§ Prompt:
What lines below include the word "that"? Copy each one.

• • •

text \<open>An edge \<open>(r, c)\<close> is final if \<open>c\<close> is the last neighbour of \<open>r\<close>; there are
  at most \<open>|U|\<close> such edges. Otherwise its gap is the number of \<open>V\<close>-vertices from \<open>c\<close> up to the
  next neighbour of \<open>r\<close>, and its level is \<open>\<lfloor>log\<^sub>2 gap\<rfloor>\<close>. If \<open>r0 < r\<close> are both adjacent to
  \<open>c\<close> and \<open>c < d\<close> is another neighbour of \<open>r\<close>, the forward path \<open>r0, c, r, d'\<close>, with \<open>d'\<close> the
  next neighbour of \<open>r\<close> after \<open>d\<close>, has no back edge; so the gap at \<open>(r0, c)\<close> exceeds the gaps
  at \<open>(r, c)\<close> and \<open>(r, d)\<close> together. Hence on one level, the edges other than the lowest one
  at each \<open>V\<close>-vertex have distinct \<open>U\<close>-vertices, a level has at most \<open>|U| + |V|\<close> edges, and
  there are at most \<open>\<lfloor>log\<^sub>2 |V|\<rfloor> + 1\<close> levels.

  Gluing a copy of a PRBG on \<open>[N] \<times> [N]\<close> with \<open>V\<close> shifted by \<open>N\<close>, a copy with
  \<open>U\<close> shifted by \<open>N\<close>, and the matching \<open>{(u, u) | u < N}\<close> gives a PRBG on \<open>[2N] \<times> [2N]\<close>.
  A forward path that starts in one copy stays in it, and strictly monotone relabelling
  preserves the path restriction. A path starting with a matching edge \<open>(u, u)\<close> continues
  in the copy with shifted \<open>U\<close>, so all its \<open>V\<close>-vertices stay below \<open>N\<close>, whereas a back edge
  at \<open>u\<close> would end above \<open>N\<close>. Doubling \<open>k\<close> times from a single edge gives \<open>2\<^sup>k (k + 2) / 2\<close>
  edges on \<open>2\<^sup>k\<^sup>+\<^sup>1\<close> vertices.\<close>

section \<open>Forward paths\<close>

lemma set_lefts: "u \<in> set (lefts ws) \<longleftrightarrow> Inl u \<in> set ws"
  by (induction ws rule: lefts.induct) auto

lemma set_rights: "v \<in> set (rights ws) \<longleftrightarrow> Inr v \<in> set ws"
  by (induction ws rule: rights.induct) auto
lemma search_tree_insert_root:
  assumes "search_tree E V T"
  shows "search_tree EK (insert x V) (Node x {|T|})"
proof (rule search_tree.intros)
  have "tverts T = V"
    using search_tree_tverts_distinct_labels[OF assms symp_E] by blast
  then show "\<forall>C. C |\<in>| {|T|} \<longrightarrow> search_tree EK (tverts C) C"
    using search_tree_EK[OF assms] by simp
  have "insert x V - {x} = V"
    using x_fresh by blast
  then show "tverts ` fset {|T|} = components_on (insert x V - {x}) EK"
    using components_on_EK[OF x_fresh] components_on_if_connected_on[OF connected] \<open>tverts T = V\<close>
    by simp
  show "connected_on (insert x V) EK"
    using connected_on_insert[OF connected] K_subset K_nonempty by blast
qed simp_all

lemma R0_copy: "induces_copy_of ((\<lambda>T. Node x {|T|}) ` rot_verts V E) (insert x V) EK V E"
proof (rule induces_copy_ofI)
  have agree: "E p q = EK p q" if "T \<in> rot_verts V E" "p \<in> tverts T" "q \<in> tverts T" for T p q
    using that search_tree_tverts_distinct_labels[OF _ symp_E] x_fresh
    unfolding rot_verts_def by (metis EK_eq_E mem_Collect_eq)
  show "Node x {|T|} \<in> rot_verts (insert x V) EK" if "T \<in> rot_verts V E" for T
    using search_tree_insert_root that unfolding rot_verts_def by simp
  show "inj_on (\<lambda>T. Node x {|T|}) (rot_verts V E)"
    by (auto intro: inj_onI)
  show "\<exists>u' v'. rotation EK u' v' (Node x {|T|}) (Node x {|T'|})"
    if "T \<in> rot_verts V E" "rotation E u v T T'" for T T' u v
  proof -
    have "rotation EK u v T T'"
      by (rule rotation_cong[OF that(2)]) (simp add: agree[OF that(1)])
    then have "rotation EK u v (Node x {|T|}) (Node x (finsert T' ({|T|} |-| {|T|})))"
      by (intro rotation.below) simp_all
    then show ?thesis
      by auto
  qed
  show "\<exists>u' v'. rotation E u' v' T T'"
    if "T \<in> rot_verts V E" "rotation EK u v (Node x {|T|}) (Node x {|T'|})" for T T' u v
  proof -
    have "root T \<noteq> x"
      using that(1) x_fresh root_in_tverts[of T] search_tree_tverts_distinct_labels[OF _ symp_E]
      unfolding rot_verts_def by fastforce
    with rotation_single_kid[OF that(2)] obtain T'' where
      "rotation EK u v T T''" "Node x {|T'|} = Node x {|T''|}"
      by auto
    then have "rotation EK u v T T'"
      by (simp add: fsingleton_inject)
    then have "rotation E u v T T'"
      by (rule rotation_cong) (simp add: agree[OF that(1)])
    then show ?thesis
      by blast
  qed
qed

lemma search_tree_add_leaf_at_root:
  assumes T: "search_tree E W (Node a Cs)" and "W \<subseteq> V" "a \<in> K" "K \<inter> W \<subseteq> {a}"
  shows "search_tree EK (insert x W) (Node a (finsert (Node x {||}) Cs))"
proof (rule search_tree.intros)
  note T' = search_tree_NodeD[OF T]
  have kids: "tverts C \<subseteq> V" "x \<notin> tverts C" if "C |\<in>| Cs" for C
    using components_on_subset T'(5) that \<open>W \<subseteq> V\<close> x_fresh by blast+
  show "connected_on (insert x W) EK"
    using connected_on_insert T'(1,2) \<open>W \<subseteq> V\<close> \<open>a \<in> K\<close> by blast
  show "a \<in> insert x W"
    using T'(2) by simp
  show "\<forall>C. C |\<in>| finsert (Node x {||}) Cs \<longrightarrow> search_tree EK (tverts C) C"
    using search_tree_leaf[of EK x] search_tree_EK T'(3) kids(1) by auto
  show "inj_on tverts (fset (finsert (Node x {||}) Cs))"
    using T'(4) kids(2) by auto
  have "insert x W - {a} = insert x (W - {a})"
    using \<open>a \<in> K\<close> x_notin_K by blast
  moreover have "K \<inter> (W - {a}) = {}"
    using assms(4) by blast
  ultimately show "tverts ` fset (finsert (Node x {||}) Cs) = components_on (insert x W - {a}) EK"
    using components_on_insert_isolated[of "W - {a}"] \<open>W \<subseteq> V\<close> T'(5) by auto
qed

• • •

§ Written answer:
  A forward path that starts in one copy stays in it, and strictly monotone relabelling
    using that search_tree_tverts_distinct_labels[OF _ symp_E] x_fresh
    using search_tree_insert_root that unfolding rot_verts_def by simp
      by (rule rotation_cong[OF that(2)]) (simp add: agree[OF that(1)])
      using that(1) x_fresh root_in_tverts[of T] search_tree_tverts_distinct_labels[OF _ symp_E]
    with rotation_single_kid[OF that(2)] obtain T'' where
      by (rule rotation_cong) (simp add: agree[OF that(1)])
    using components_on_subset T'(5) that \<open>W \<subseteq> V\<close> x_fresh by blast+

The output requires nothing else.